Calls to the existing FPSIMD low-level save/restore functions are
factored out as new functions task_fpsimd_{save,load}(), since SVE
now dynamically may or may not need to be handled at these points
depending on the kernel configuration, hardware features discovered
at boot, and the runtime state of the task. To make these
decisions as fast as possible, const cpucaps are used where
feasible, via the system_supports_sve() helper.

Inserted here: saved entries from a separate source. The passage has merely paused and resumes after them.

(* For any finite graph $G=(V,E)$ there exists a sequence of graphs $(G_n)_{n\in\mathbb{N}}$ with $G_0=G$ and $G_n$ a $2$-lift of $G_{n-1}$ for $n\ge 1$ (so $G_n$ is a $2^n$-lift of $G$, with covering map $\pi_n:G_n\to G$) such that for every $v\in V$ and every choice of $v_n\in\pi_n^{-1}(v)$, the rooted graphs $(G_n,v_n)$ converge to $(T(G),v)$ in $\mathcal{G}_\star$.
   Context: A $2$-lift of a loopless graph $G$ is a graph on $V\times\{0,1\}$ in which each edge $(u,v)$ of $G$ is replaced either by $((u,0),(v,0)),((u,1),(v,1))$ or by $((u,0),(v,1)),((u,1),(v,0))$; the covering map projects $(u,i)\mapsto u$. $(T(G),v)$ is the tree of finite non-backtracking walks in $G$ starting at $v$ (walks adjacent if one extends the other by one step), rooted at the empty walk. $\mathcal{G}_\star$ is the set of locally finite connected rooted graphs up to rooted isomorphism (a rooted graph $(H,o)$ being identified with the connected component of $o$), with the distance $1/(1+r)$ where $r=\sup\{h: [H,o]_h\equiv[H',o']_h\}$ and $[H,o]_h$ is the rooted subgraph induced by vertices within graph distance $h$ of $o$. *)

theory Defs
  imports Complex_Main "HOL-Library.Extended_Nat"
begin

text \<open>Graphs: a vertex set together with a (directed-pair) edge relation.
  Undirected simple graphs are those with symmetric, irreflexive edge relation.\<close>

record 'v graph =
  verts :: "'v set"
  edges :: "('v \<times> 'v) set"

definition finite_loopless_graph :: "'v graph \<Rightarrow> bool" where
  "finite_loopless_graph G \<longleftrightarrow>
     finite (verts G) \<and> edges G \<subseteq> verts G \<times> verts G \<and>
     sym (edges G) \<and> irrefl (edges G)"

definition map_graph :: "('v \<Rightarrow> 'w) \<Rightarrow> 'v graph \<Rightarrow> 'w graph" where
  "map_graph f H = \<lparr>verts = f ` verts H, edges = map_prod f f ` edges H\<rparr>"

text \<open>2-lift of H given a symmetric sign s on edges: s = False means the edge
  is lifted "straight" ((u,i),(w,i)), s = True means "crossed" ((u,i),(w,\<not>i)).\<close>

definition two_lift :: "'v graph \<Rightarrow> ('v \<times> 'v \<Rightarrow> bool) \<Rightarrow> ('v \<times> bool) graph" where
  "two_lift H s =
     \<lparr>verts = verts H \<times> UNIV,
      edges = {((u,i),(w,j)). (u,w) \<in> edges H \<and> j = (i \<noteq> s (u,w))}\<rparr>"

text \<open>Vertices of the n-th graph of the tower are encoded as (v, bs) with
  bs a bool list of length n; the 2-lift of a graph on such vertices is
  re-encoded by pushing the new bit onto the list.\<close>

definition is_two_lift_of :: "('a \<times> bool list) graph \<Rightarrow> ('a \<times> bool list) graph \<Rightarrow> bool" where
  "is_two_lift_of H' H \<longleftrightarrow>
     (\<exists>s. (\<forall>u w. s (u,w) = s (w,u)) \<and>
          H' = map_graph (\<lambda>((x,bs),b). (x, b # bs)) (two_lift H s))"

definition base_embed :: "'a graph \<Rightarrow> ('a \<times> bool list) graph" where
  "base_embed G = map_graph (\<lambda>x. (x, [])) G"

text \<open>Non-backtracking walks from v, encoded by the list of vertices visited
  after v.\<close>

definition nb_walk :: "'a graph \<Rightarrow> 'a \<Rightarrow> 'a list \<Rightarrow> bool" where
  "nb_walk G v w \<longleftrightarrow>
     (let p = v # w in
       (\<forall>i < length w. (p ! i, p ! Suc i) \<in> edges G) \<and>
       (\<forall>i. i + 2 \<le> length w \<longrightarrow> p ! (i + 2) \<noteq> p ! i))"

definition nb_tree :: "'a graph \<Rightarrow> 'a \<Rightarrow> 'a list graph" where
  "nb_tree G v =
     \<lparr>verts = {w. nb_walk G v w},
      edges = {(w, w'). nb_walk G v w \<and> nb_walk G v w' \<and>
                        ((\<exists>x. w' = w @ [x]) \<or> (\<exists>x. w = w' @ [x]))}\<rparr>"

definition gball :: "'v graph \<Rightarrow> 'v \<Rightarrow> nat \<Rightarrow> 'v set" where
  "gball H r0 h = {x \<in> verts H. \<exists>k \<le> h. (r0, x) \<in> (edges H) ^^ k}"

definition ball_iso :: "'v graph \<Rightarrow> 'v \<Rightarrow> 'w graph \<Rightarrow> 'w \<Rightarrow> nat \<Rightarrow> bool" where
  "ball_iso H r0 H' r1 h \<longleftrightarrow>
     (\<exists>f. bij_betw f (gball H r0 h) (gball H' r1 h) \<and> f r0 = r1 \<and>
          (\<forall>x \<in> gball H r0 h. \<forall>y \<in> gball H r0 h.
              (x, y) \<in> edges H \<longleftrightarrow> (f x, f y) \<in> edges H'))"

definition gstar_dist :: "'v graph \<Rightarrow> 'v \<Rightarrow> 'w graph \<Rightarrow> 'w \<Rightarrow> real" where
  "gstar_dist H r0 H' r1 =
     (let r = Sup {enat h | h. ball_iso H r0 H' r1 h} in
      if r = \<infinity> then 0 else 1 / (1 + real (the_enat r)))"

end

(*  A covering of G whose girth exceeds 2h + 2 has its h-balls isomorphic to the h-ball of the
    tree T(G) of non-backtracking walks: lifting walks of length at most h is onto the ball, and
    below the girth two distinct lifted walks cannot end at the same vertex.  So it suffices to
    build a tower of 2-lifts whose girth tends to infinity.  Given a level B of girth > L, split
    the edges of B one at a time, splitting e by the 2-lift in which exactly the edges lying over
    e cross.  A closed non-backtracking walk of length L + 1 at the end of this stage projects to
    a cycle of B, which runs through its first edge exactly once; in the lift that split this edge
    the walk changes sheet an odd number of times, so it cannot close.  Thus every stage raises
    the girth by one.  *)

theory Submission
  imports Defs
begin

section \<open>Non-backtracking walks\<close>

fun nbwalk :: "'v graph \<Rightarrow> 'v list \<Rightarrow> bool" where
  "nbwalk H [] = True"
| "nbwalk H [x] = True"
| "nbwalk H (x # y # r) \<longleftrightarrow> (x, y) \<in> edges H \<and> (r \<noteq> [] \<longrightarrow> hd r \<noteq> x) \<and> nbwalk H (y # r)"

lemma nbwalk_iff_nth:
  "nbwalk H q \<longleftrightarrow> (\<forall>i. Suc i < length q \<longrightarrow> (q ! i, q ! Suc i) \<in> edges H) \<and>
                    (\<forall>i. i + 2 < length q \<longrightarrow> q ! (i + 2) \<noteq> q ! i)"
proof (induction H q rule: nbwalk.induct)
  case (3 H x y r)
  have shift: "(\<forall>i. P i) \<longleftrightarrow> P 0 \<and> (\<forall>i. P (Suc i))" for P :: "nat \<Rightarrow> bool"
    by (metis not0_implies_Suc)
  show ?case
    unfolding nbwalk.simps(3) 3 shift[where P = "\<lambda>i. Suc i < length (x # y # r) \<longrightarrow> _ i"]
      shift[where P = "\<lambda>i. i + 2 < length (x # y # r) \<longrightarrow> _ i"]
    by (cases r) auto
qed auto

lemma nb_walk_iff_nbwalk: "nb_walk G v w \<longleftrightarrow> nbwalk G (v # w)"
  unfolding nb_walk_def nbwalk_iff_nth Let_def by auto

lemma nbwalk_Cons:
  "nbwalk H (x # q) \<longleftrightarrow>
     (q = [] \<or> (x, hd q) \<in> edges H \<and> (tl q \<noteq> [] \<longrightarrow> hd (tl q) \<noteq> x)) \<and> nbwalk H q"
  by (cases q) auto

The SVE registers are only tracked for threads that have explicitly
used SVE, indicated by the new thread flag TIF_SVE. Otherwise, the
FPSIMD view of the architectural state is stored in
thread.fpsimd_state as usual.
When in use, the SVE registers are not stored directly in
thread_struct due to their potentially large and variable size.
Because the task_struct slab allocator must be configured very
early during kernel boot, it is also tricky to configure it
correctly to match the maximum vector length provided by the
hardware, since this depends on examining secondary CPUs as well as
the primary. Instead, a pointer sve_state in thread_struct points
to a dynamically allocated buffer containing the SVE register data,
and code is added to allocate and free this buffer at appropriate
times.
TIF_SVE is set when taking an SVE access trap from userspace, if
suitable hardware support has been detected. This enables SVE for
the thread: a subsequent return to userspace will disable the trap
accordingly. If such a trap is taken without sufficient system-
wide hardware support, SIGILL is sent to the thread instead as if
an undefined instruction had been executed: this may happen if
userspace tries to use SVE in a system where not all CPUs support
it for example.
The kernel will clear TIF_SVE and disable SVE for the thread
whenever an explicit syscall is made by userspace. For backwards
compatibility reasons and conformance with the spirit of the base
AArch64 procedure call standard, the subset of the SVE register
state that aliases the FPSIMD registers is still preserved across a
syscall even if this happens. The remainder of the SVE register
state logically becomes zero at syscall entry, though the actual
zeroing work is currently deferred until the thread next tries to
use SVE, causing another trap to the kernel. This implementation
is suboptimal: in the future, the fastpath case may be optimised
to zero the registers in-place and leave SVE enabled for the task,
where beneficial.
TIF_SVE is also cleared in the following slowpath cases, which are
taken as reasonable hints that the task may no longer use SVE:
* exec
* fork and clone
Code is added to sync data between thread.fpsimd_state and
thread.sve_state whenever enabling/disabling SVE, in a manner
consistent with the SVE architectural programmer's model.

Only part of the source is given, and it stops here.